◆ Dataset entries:
^^^^^^^^^^^^^^^^
(* Consider the downtown bathtub model with and without perimeter control described in the context, with a fixed number $N_s>0$ of suburban commuters. Then: (i) the short-run equilibrium bathtub cost under perimeter control, $C_s^{bp*}$, is uniquely determined, namely (in the controlled regime $\theta^p>2$) $$C_s^{bp*}=\frac{\beta\gamma}{\beta+\gamma}\,\frac{N_s}{n_jv_f/(4L)}+\frac{4\alpha L}{v_f}(1-\ln 2);$$ (ii) the introduction of autonomous vehicles decreases $C_s^{bp*}$: $C_s^{bp*}$ is strictly decreasing in $n_j$ and strictly increasing in $\alpha$, so replacing $(\alpha,n_j)$ by $(\eta\alpha,\xi n_j)$ with $\frac{\beta}{\alpha}<\eta\le1$, $\xi\ge1$, $(\eta,\xi)\neq(1,1)$ strictly decreases it; (iii) hypercongestion mitigation by perimeter control decreases the short-run equilibrium bathtub cost: if the equilibrium without control has $\theta=\frac{C_s^{b*}v_f}{\alpha L}>2$ (hypercongestion), then $C_s^{b*}>C_s^{bp*}$.
   Context: Downtown traffic: accumulation $n(t)\ge0$, $\dot n=I-G$, outflow $G=nv/L$, $L>0$ trip length, $v=v_f(1-n/n_j)$, $v_f,n_j>0$; travel time $T(t)=L/v(t)$; schedule cost $s(t)=\beta(t^*-t)$ for $t\le t^*$, $\gamma(t-t^* )$ for $t>t^*$; $\alpha,\beta,\gamma>0$. Without control: bathtub cost $C_s^b(t)=\alpha T(t)+s(t)$; a short-run equilibrium is $(n(\cdot),C_s^{b*})$ with $C_s^b(t)=C_s^{b*}$ when $n(t)>0$, $\ge C_s^{b*}$ when $n(t)=0$, and $\int n v/L\,dt=N_s$; it satisfies $N_s=\alpha n_j(\frac1\beta+\frac1\gamma)(\ln\theta+\frac1\theta-1)$ with $\theta=C_s^{b*}v_f/(\alpha L)$. Perimeter control: inflow $I(t)=I_p:=n_jv_f/(4L)$ when $n(t)=n_j/2$, and equal to the boundary arrival rate when $n(t)<n_j/2$; excess vehicles wait in a FIFO point queue, with waiting time $T_w(t)=q(t)/I_p$ for queue length $q(t)$ met by the commuter arriving at $t$; during the control period $[t_s^p,t_e^p]$ downtown travel time is $T^p(t)=2L/v_f+T_w(t)$, otherwise $T^p(t)=T(t)$; bathtub cost $C_s^{bp}(t)=\alpha T^p(t)+s(t)$; equilibrium $(n,q,C_s^{bp*})$ with $C_s^{bp}(t)=C_s^{bp*}$ when $n(t)>0$, $\ge$ when $n(t)=0$, $n(t)=n_j/2$ when $q(t)>0$, $n(t)\le n_j/2$ when $q(t)=0$, and $\int nv/L\,dt=N_s$; $\theta^p=C_s^{bp*}v_f/(\alpha L)$. Autonomous vehicles: $\alpha\mapsto\eta\alpha$, $n_j\mapsto\xi n_j$. *)

theory Defs
  imports "HOL-Analysis.Analysis"
begin

definition speed :: "real \<Rightarrow> real \<Rightarrow> real \<Rightarrow> real" where
  "speed vf nj x = vf * (1 - x / nj)"

definition sched :: "real \<Rightarrow> real \<Rightarrow> real \<Rightarrow> real \<Rightarrow> real" where
  "sched \<beta> \<gamma> tstar t = (if t \<le> tstar then \<beta> * (tstar - t) else \<gamma> * (t - tstar))"

definition Ip :: "real \<Rightarrow> real \<Rightarrow> real \<Rightarrow> real" where
  "Ip L vf nj = nj * vf / (4 * L)"

definition travel_time :: "real \<Rightarrow> real \<Rightarrow> real \<Rightarrow> (real \<Rightarrow> real) \<Rightarrow> real \<Rightarrow> real" where
  "travel_time L vf nj n t = L / speed vf nj (n t)"

definition bathtub_cost ::
  "real \<Rightarrow> real \<Rightarrow> real \<Rightarrow> real \<Rightarrow> real \<Rightarrow> real \<Rightarrow> real \<Rightarrow> (real \<Rightarrow> real) \<Rightarrow> real \<Rightarrow> real" where
  "bathtub_cost \<alpha> \<beta> \<gamma> L vf nj tstar n t =
     \<alpha> * travel_time L vf nj n t + sched \<beta> \<gamma> tstar t"

definition bathtub_eq ::
  "real \<Rightarrow> real \<Rightarrow> real \<Rightarrow> real \<Rightarrow> real \<Rightarrow> real \<Rightarrow> real \<Rightarrow> real \<Rightarrow> (real \<Rightarrow> real) \<Rightarrow> real \<Rightarrow> bool" where
  "bathtub_eq \<alpha> \<beta> \<gamma> L vf nj tstar Ns n C \<longleftrightarrow>
     (\<forall>t. 0 \<le> n t \<and> n t < nj) \<and>
     (\<forall>t. n t > 0 \<longrightarrow> bathtub_cost \<alpha> \<beta> \<gamma> L vf nj tstar n t = C) \<and>
     (\<forall>t. n t = 0 \<longrightarrow> bathtub_cost \<alpha> \<beta> \<gamma> L vf nj tstar n t \<ge> C) \<and>
     ((\<lambda>t. n t * speed vf nj (n t) / L) has_integral Ns) UNIV"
^^^^^^^^^^^^^^^^
◆ Exercise details: What lines in the data above carry "forall"? Return them all.

◆ Answer to the exercise:
     (\<forall>t. 0 \<le> n t \<and> n t < nj) \<and>
     (\<forall>t. n t > 0 \<longrightarrow> bathtub_cost \<alpha> \<beta> \<gamma> L vf nj tstar n t = C) \<and>
     (\<forall>t. n t = 0 \<longrightarrow> bathtub_cost \<alpha> \<beta> \<gamma> L vf nj tstar n t \<ge> C) \<and>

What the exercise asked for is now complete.